In May 2002, in Houla in western Homs Provice, the shabiha killed 108 civilians, including 34 women and 49 children. Sixty member of the Abdulrazzaq family were murdered.

The following month, 78 people including women and children were shot, hacked, and burnt to death in Mazraat al-Qubair in Hama Province. On May 2-3, 2013, on the streets of Beida and Baniyas in Tartous Province in western Syria, more than 300 civilians — including 58 women and 65 children — were slain.

The mass killings caused tension between some branches of the security forces and some Popular Committees. However, the security forces did not try to check the militias. Instead, they issued instructions to not oppose them.

No shabiha member has just been tried for war crimes. CIJA hopes that the presentation of the evidence will lead to cases being brought.

The Assad regime and its essential enablers such as Russia have prevented an international war crimes court with jurisdiction over Syria. However, countries such as the Netherlands, Sweden, France and Germany have “universal jurisdiction” laws allowing them to prosecute war crimes even if they are committed elsewhere.

The Syrian Network for Human Rights’ explains:

These documents make it possible to pursue people legally — if there are individuals in European countries, then a case can be brought against them. Here you have the paper trail that shows how these units were mobilized.

Overcoming Russia and Assad’s Obstruction

Russia and the Assad regime, using supportive activists in the West, tried to block the CIJA investigation by spreading disinformation about the organization and its leadership.

The campaign included a group of pro-Assad academics and conspiracy theories, styling themselves as the Working Group on Syria, Propaganda and Media. Having devoted itself to disinformation covering up the Assad regime’s chemical weapons attacks, the WGSPM was fed material to assail CIJA.

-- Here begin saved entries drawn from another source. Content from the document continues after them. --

lemma sil_kernel_square:
  shows "integrable (Rn n) (\<lambda>x. (sil_kernel T f n x)\<^sup>2)"
    and "integrable (lborel2 \<Otimes>\<^sub>M lborel2)
      (\<lambda>w. indicator (simplex2 T \<times> simplex2 T) w * ntensor_inner n (increment f (fst w)) (increment f (snd w)))"
    and "knorm2 n (sil_kernel T f n) = (donsker_coef n)\<^sup>2 * (\<integral>w. indicator (simplex2 T \<times> simplex2 T) w
      * ntensor_inner n (increment f (fst w)) (increment f (snd w)) \<partial>(lborel2 \<Otimes>\<^sub>M lborel2))"
proof -
  interpret pair_sigma_finite "Rn n" "lborel2 \<Otimes>\<^sub>M lborel2"
    by (intro pair_sigma_finite.intro sigma_finite_Rn sigma_finite_lborel2_pair)
  define H where "H x w = incr_tensor n (fst w) x * incr_tensor n (snd w) x" for x w
  have H: "integrable (Rn n \<Otimes>\<^sub>M (lborel2 \<Otimes>\<^sub>M lborel2)) (case_prod H)"
    using integrable_incr_tensor_pair[of n] by (simp add: H_def case_prod_beta')
  have inner: "(\<integral>x. H x w \<partial>Rn n)
      = indicator (simplex2 T \<times> simplex2 T) w * ntensor_inner n (increment f (fst w)) (increment f (snd w))" for w
    using integral_incr_tensor_mult[of n "fst w" "snd w"] by (simp add: H_def)
  have ae: "AE x in Rn n. (sil_kernel T f n x)\<^sup>2 = (donsker_coef n)\<^sup>2 * (\<integral>w. H x w \<partial>(lborel2 \<Otimes>\<^sub>M lborel2))"
    using AE_integrable_fst[OF H]
  proof eventually_elim
    case (elim x)
    then show ?case
      unfolding sil_kernel_def H_def power_mult_distrib
      by (subst integral_power2_eq_integral_pair) (auto intro: sigma_finite_lborel2)
  qed
  have i1: "integrable (Rn n) (\<lambda>x. (donsker_coef n)\<^sup>2 * (\<integral>w. H x w \<partial>(lborel2 \<Otimes>\<^sub>M lborel2)))"
    using integrable_fst[OF H] by simp
  show "integrable (Rn n) (\<lambda>x. (sil_kernel T f n x)\<^sup>2)"
    by (rule integrable_cong_AE_imp[OF i1 _ AE_symmetric[OF ae]]) measurable
  show "integrable (lborel2 \<Otimes>\<^sub>M lborel2)
      (\<lambda>w. indicator (simplex2 T \<times> simplex2 T) w * ntensor_inner n (increment f (fst w)) (increment f (snd w)))"
    using integrable_snd[OF H] by (simp add: inner)
  have "knorm2 n (sil_kernel T f n) = (\<integral>x. (donsker_coef n)\<^sup>2 * (\<integral>w. H x w \<partial>(lborel2 \<Otimes>\<^sub>M lborel2)) \<partial>Rn n)"
    unfolding knorm2_def by (rule integral_cong_AE[OF _ borel_measurable_integrable[OF i1] ae]) measurable
  also have "\<dots> = (donsker_coef n)\<^sup>2 * (\<integral>w. \<integral>x. H x w \<partial>Rn n \<partial>(lborel2 \<Otimes>\<^sub>M lborel2))"
    using integral_fst[OF H] integral_snd[OF H] by simp
  finally show "knorm2 n (sil_kernel T f n) = (donsker_coef n)\<^sup>2 * (\<integral>w. indicator (simplex2 T \<times> simplex2 T) w
      * ntensor_inner n (increment f (fst w)) (increment f (snd w)) \<partial>(lborel2 \<Otimes>\<^sub>M lborel2))"
    by (simp add: inner)
qed
(* Let $\beta,\kappa\ge0$. Let $\hat\sigma\sim\mu_{N,\beta,\kappa}$ and $\hat\sigma'\sim\mu_{N,\infty,\kappa}$ be independent, let $E=E_{\hat\sigma,\hat\sigma'}$, and set $\sigma=\hat\sigma$ and $\sigma'=\hat\sigma'|_E+\hat\sigma|_{E_N\setminus E}$. Then $\sigma'$ has law $\mu_{N,\infty,\kappa}$; thus the law $\mu_{N,(\beta,\kappa),(\infty,\kappa)}$ of $(\sigma,\sigma')$ is a coupling of $\mu_{N,\beta,\kappa}$ and $\mu_{N,\infty,\kappa}$.
   Context: $G=\mathbb Z_n$, $\rho$ faithful unitary one-dimensional. On $\mathbb Z^4$: $E_N,P_N$ oriented edges/plaquettes with vertices in $B_N=[-N,N]^4\cap\mathbb Z^4$; $\partial p$ oriented boundary edges; $\hat\partial e=\{p:e\in\partial p\}$. $\Sigma_{E_N}$: $\sigma:E_N\to G$, $\sigma_{-e}=-\sigma_e$, $(d\sigma)_p=\sum_{e\in\partial p}\sigma_e$; $\Sigma^0_{E_N}=\{d\sigma=0\}$. $\mu_{N,\beta,\kappa}(\sigma)\propto\exp(\beta\sum_{p\in P_N}\rho((d\sigma)_p)+\kappa\sum_{e\in E_N}\rho(\sigma_e))$ on $\Sigma_{E_N}$; $\mu_{N,\infty,\kappa}(\sigma)\propto\exp(\kappa\sum_{e\in E_N}\rho(\sigma_e))$ on $\Sigma^0_{E_N}$. $f|_S$ equals $f$ on $S$ and $0$ elsewhere. $\mathcal G(\sigma,\sigma')$ is the graph on $E_N$ with an edge between distinct $e,e'$ if $e'=-e$, or $e,e'\in\mathrm{supp}\,\sigma\cup\mathrm{supp}\,\sigma'$ and ($\hat\partial e\cap\hat\partial e'\ne\emptyset$ or $\hat\partial e\cap\hat\partial(-e')\ne\emptyset$); $\mathcal C_{\mathcal G}(A)$ is the union of components meeting $A$; $E_{\sigma,\sigma'}=\mathcal C_{\mathcal G(\sigma,\sigma')}(\mathrm{supp}\,\sigma\cap\bigcup_{p\in\mathrm{supp}\,d\sigma}\partial p)$. *)

theory Defs
  imports Complex_Main
begin

(* Lattice Z^4: a vertex is a function nat => int vanishing at coordinates >= 4. *)
type_synonym vtx = "nat \<Rightarrow> int"
(* an oriented edge is an ordered pair (tail, head) of nearest-neighbour vertices *)
type_synonym edge = "vtx \<times> vtx"
(* an oriented plaquette (x, j, k), j \<noteq> k: the unit square with lowest corner x
   spanned by directions j,k, traversed x -> x+e_j -> x+e_j+e_k -> x+e_k -> x.
   (x,k,j) is the same square with the opposite orientation. *)
type_synonym plaq = "vtx \<times> nat \<times> nat"

definition lat :: "vtx set" where
  "lat = {x. \<forall>i\<ge>4. x i = 0}"

definition step :: "vtx \<Rightarrow> nat \<Rightarrow> vtx" where
  "step x j = x(j := x j + 1)"

definition box :: "nat \<Rightarrow> vtx set" where
  "box N = {x \<in> lat. \<forall>i<4. \<bar>x i\<bar> \<le> int N}"

definition edges :: "nat \<Rightarrow> edge set" where
  "edges N = {(a, b). a \<in> box N \<and> b \<in> box N \<and>
                 (\<exists>j<4. b = step a j \<or> a = step b j)}"

definition rev_edge :: "edge \<Rightarrow> edge" where
  "rev_edge e = (snd e, fst e)"

definition is_plaq :: "plaq \<Rightarrow> bool" where
  "is_plaq p = (case p of (x, j, k) \<Rightarrow> x \<in> lat \<and> j < 4 \<and> k < 4 \<and> j \<noteq> k)"

definition bd :: "plaq \<Rightarrow> edge list" where
  "bd p = (case p of (x, j, k) \<Rightarrow>
      [(x, step x j), (step x j, step (step x j) k),
       (step (step x j) k, step x k), (step x k, x)])"

definition plaqs :: "nat \<Rightarrow> plaq set" where
  "plaqs N = {p. is_plaq p \<and> set (bd p) \<subseteq> edges N}"

definition cobd :: "edge \<Rightarrow> plaq set" where
  "cobd e = {p. is_plaq p \<and> e \<in> set (bd p)}"

(* G = Z_n, elements represented by 0..n-1; configurations on E_N (zero off E_N) *)
definition configs :: "nat \<Rightarrow> int \<Rightarrow> (edge \<Rightarrow> int) set" where
  "configs N n = {\<sigma>. (\<forall>e \<in> edges N. \<sigma> e \<in> {0..<n}) \<and> (\<forall>e. e \<notin> edges N \<longrightarrow> \<sigma> e = 0)
                    \<and> (\<forall>e \<in> edges N. \<sigma> (rev_edge e) = (- \<sigma> e) mod n)}"

definition dcurl :: "int \<Rightarrow> (edge \<Rightarrow> int) \<Rightarrow> plaq \<Rightarrow> int" where
  "dcurl n \<sigma> p = (\<Sum>e\<leftarrow>bd p. \<sigma> e) mod n"

definition configs0 :: "nat \<Rightarrow> int \<Rightarrow> (edge \<Rightarrow> int) set" where
  "configs0 N n = {\<sigma> \<in> configs N n. \<forall>p \<in> plaqs N. dcurl n \<sigma> p = 0}"

(* The sums over oriented plaquettes/edges of \<rho> are real (both orientations occur);
   we take Re explicitly. *)
definition weight :: "nat \<Rightarrow> int \<Rightarrow> (int \<Rightarrow> complex) \<Rightarrow> real \<Rightarrow> real \<Rightarrow> (edge \<Rightarrow> int) \<Rightarrow> real" where
  "weight N n \<rho> \<beta> \<kappa> \<sigma> = exp (\<beta> * Re (\<Sum>p \<in> plaqs N. \<rho> (dcurl n \<sigma> p))
                                + \<kappa> * Re (\<Sum>e \<in> edges N. \<rho> (\<sigma> e)))"

definition weight_inf :: "nat \<Rightarrow> (int \<Rightarrow> complex) \<Rightarrow> real \<Rightarrow> (edge \<Rightarrow> int) \<Rightarrow> real" where
  "weight_inf N \<rho> \<kappa> \<sigma> = exp (\<kappa> * Re (\<Sum>e \<in> edges N. \<rho> (\<sigma> e)))"

definition mu :: "nat \<Rightarrow> int \<Rightarrow> (int \<Rightarrow> complex) \<Rightarrow> real \<Rightarrow> real \<Rightarrow> (edge \<Rightarrow> int) \<Rightarrow> real" where
  "mu N n \<rho> \<beta> \<kappa> \<sigma> = (if \<sigma> \<in> configs N n
      then weight N n \<rho> \<beta> \<kappa> \<sigma> / (\<Sum>\<tau> \<in> configs N n. weight N n \<rho> \<beta> \<kappa> \<tau>) else 0)"

definition mu_inf :: "nat \<Rightarrow> int \<Rightarrow> (int \<Rightarrow> complex) \<Rightarrow> real \<Rightarrow> (edge \<Rightarrow> int) \<Rightarrow> real" where
  "mu_inf N n \<rho> \<kappa> \<sigma> = (if \<sigma> \<in> configs0 N n
      then weight_inf N \<rho> \<kappa> \<sigma> / (\<Sum>\<tau> \<in> configs0 N n. weight_inf N \<rho> \<kappa> \<tau>) else 0)"

definition supp :: "(edge \<Rightarrow> int) \<Rightarrow> edge set" where
  "supp \<sigma> = {e. \<sigma> e \<noteq> 0}"

definition cgraph :: "nat \<Rightarrow> (edge \<Rightarrow> int) \<Rightarrow> (edge \<Rightarrow> int) \<Rightarrow> (edge \<times> edge) set" where
  "cgraph N \<sigma> \<sigma>' = {(e, e'). e \<in> edges N \<and> e' \<in> edges N \<and> e \<noteq> e' \<and>
      (e' = rev_edge e \<or>
       (e \<in> supp \<sigma> \<union> supp \<sigma>' \<and> e' \<in> supp \<sigma> \<union> supp \<sigma>' \<and>
        (cobd e \<inter> cobd e' \<noteq> {} \<or> cobd e \<inter> cobd (rev_edge e') \<noteq> {})))}"

definition comps_meeting :: "nat \<Rightarrow> (edge \<times> edge) set \<Rightarrow> edge set \<Rightarrow> edge set" where
  "comps_meeting N R A = {e \<in> edges N. \<exists>a \<in> A \<inter> edges N. (a, e) \<in> R\<^sup>*}"

definition Ecoup :: "nat \<Rightarrow> int \<Rightarrow> (edge \<Rightarrow> int) \<Rightarrow> (edge \<Rightarrow> int) \<Rightarrow> edge set" where
  "Ecoup N n \<sigma> \<sigma>' = comps_meeting N (cgraph N \<sigma> \<sigma>')
      (supp \<sigma> \<inter> (\<Union>p \<in> {p \<in> plaqs N. dcurl n \<sigma> p \<noteq> 0}. set (bd p)))"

However, the Russian operation collapsed when one of the WGSPM’s members, mathematician Paul McKeigue, was caught e-mailing “Ivan”, whom he thought was a Russian intelligence operative. Their correspondence exposed the collaboration between Moscow’s officials and the WGSPM, with McKeigue setting out a hit list of war crimes investigators, journalists, academics, and activists to be assailed on social media.

“Ivan” was, in a fact, a CIJA staffer. The sting effectively shut down not only the campaign against the investigators but all of the WGSPM’s activities.